So you have the V2 rocket on one hand and the atomic bomb on the other. I
think your anecdote is decisively on the side of diversity.

------
hal9000xp
This whole diversity stuff is complete trendy nonsense!

If a company seriously apply diversity to their hiring strategy then it
actually means that at some point they must turn down some higher skilled
candidate #1 in order to hire some lower skilled candidate #2 just because
they have too few employees with the same gender which candidate #2 has.

In this case, a company put skills at the secondary role which means that they
praise mediocrity, not talent.

You will be wrong if you argue, that a company don't have to prefer lower
skilled candidate over higher skilled candidate just because they need to keep
gender diverse teams. Because if it were possible, then highly skilled teams
were already naturally gender diverse and then whole diversity talk won't
exist in the first place.

Don't get me wrong, as a male, I'm sick that vast majority of software
engineers are male. It really sucks! It's a biggest single thing I don't like
about my profession. But unfortunately it's how it is. Let's face the truth,
most women are not interested in software engineering at all. In companies
where I worked we had a few female software engineers, they were just as good
as male engineers, no difference at all. But they were not hired because of
their gender but because of their coding skills.

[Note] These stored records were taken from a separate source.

lemma eexpect_cong:
  assumes "\<And>z. z \<in> set_pmf Q \<Longrightarrow> f z = g z"
  shows "eexpect Q f = eexpect Q g"
proof -
  have "(\<integral>\<^sup>+ z. e2ennreal (f z) \<partial>Q) = (\<integral>\<^sup>+ z. e2ennreal (g z) \<partial>Q)"
    "(\<integral>\<^sup>+ z. e2ennreal (- f z) \<partial>Q) = (\<integral>\<^sup>+ z. e2ennreal (- g z) \<partial>Q)"
    by (intro nn_integral_cong_AE AE_pmfI; simp add: assms)+
  then show ?thesis by (simp add: eexpect_def)
qed

lemma eexpect_bounded_above_cases:
  assumes g: "integrable (measure_pmf Q) g"
    and le: "\<And>z. z \<in> set_pmf Q \<Longrightarrow> f z \<le> ereal (g z)"
  obtains "eexpect Q f = -\<infinity>"
    | u where "integrable (measure_pmf Q) u" "\<And>z. z \<in> set_pmf Q \<Longrightarrow> f z = ereal (u z)"
proof -
  define a where "a = (\<integral>\<^sup>+ z. e2ennreal (f z) \<partial>Q)"
  define b where "b = (\<integral>\<^sup>+ z. e2ennreal (- f z) \<partial>Q)"
  have "a \<le> (\<integral>\<^sup>+ z. ennreal (g z) \<partial>Q)"
    unfolding a_def
    by (intro nn_integral_mono_AE AE_pmfI) (metis e2ennreal_mono e2ennreal_ereal le)
  also have "\<dots> < \<infinity>"
    using g by (simp add: real_integrable_def top.not_eq_extremum)
  finally have a_fin: "enn2ereal a \<noteq> \<infinity>" by simp
  show thesis
  proof (cases "b = \<infinity>")
    case True
    then have "eexpect Q f = -\<infinity>"
      using a_fin by (cases "enn2ereal a") (auto simp: eexpect_def a_def b_def)
    then show thesis by (rule that(1))
  next
    case False
    have not_minf: "f z \<noteq> -\<infinity>" if z: "z \<in> set_pmf Q" for z
    proof
      assume "f z = -\<infinity>"
      then have "(\<integral>\<^sup>+ y. \<infinity> * indicator {z} y \<partial>Q) \<le> b"
        unfolding b_def by (intro nn_integral_mono) (auto split: split_indicator)
      moreover have "(\<integral>\<^sup>+ y. \<infinity> * indicator {z} y \<partial>Q) = \<infinity> * ennreal (pmf Q z)"
        by (simp add: emeasure_pmf_single)
      moreover have "pmf Q z > 0" using z by (simp add: pmf_positive)
      ultimately have "b = \<infinity>"
        by (simp add: ennreal_top_mult top_unique)
      then show False using False by simp
    qed
    define u where "u z = real_of_ereal (f z)" for z
    have f_u: "f z = ereal (u z)" if "z \<in> set_pmf Q" for z
      using le[OF that] not_minf[OF that] unfolding u_def by (cases "f z") auto
    have "a = (\<integral>\<^sup>+ z. ennreal (u z) \<partial>Q)" "b = (\<integral>\<^sup>+ z. ennreal (- u z) \<partial>Q)"
      unfolding a_def b_def by (intro nn_integral_cong_AE AE_pmfI; simp add: f_u)+
    then have "integrable (measure_pmf Q) u"
      using a_fin False by (simp add: real_integrable_def top.not_eq_extremum)
    then show thesis using f_u by (rule that(2))
  qed
qed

Don't listen retarded third-wave feminists yelling about discrimination.
Software engineering probably is the most meritocratic profession ever. Nobody
cares about your degree (I don't have one!), citizenship, ethnicity or gender.
Contribute to open source, participate in algorithm competitions, make your
personal projects on GitHub and you will be noticed for sure whoever you are!
It's because of a great shortage of good software developers in the market and
companies are desperate to hire anyone who is able to solve their technical
interview challenges.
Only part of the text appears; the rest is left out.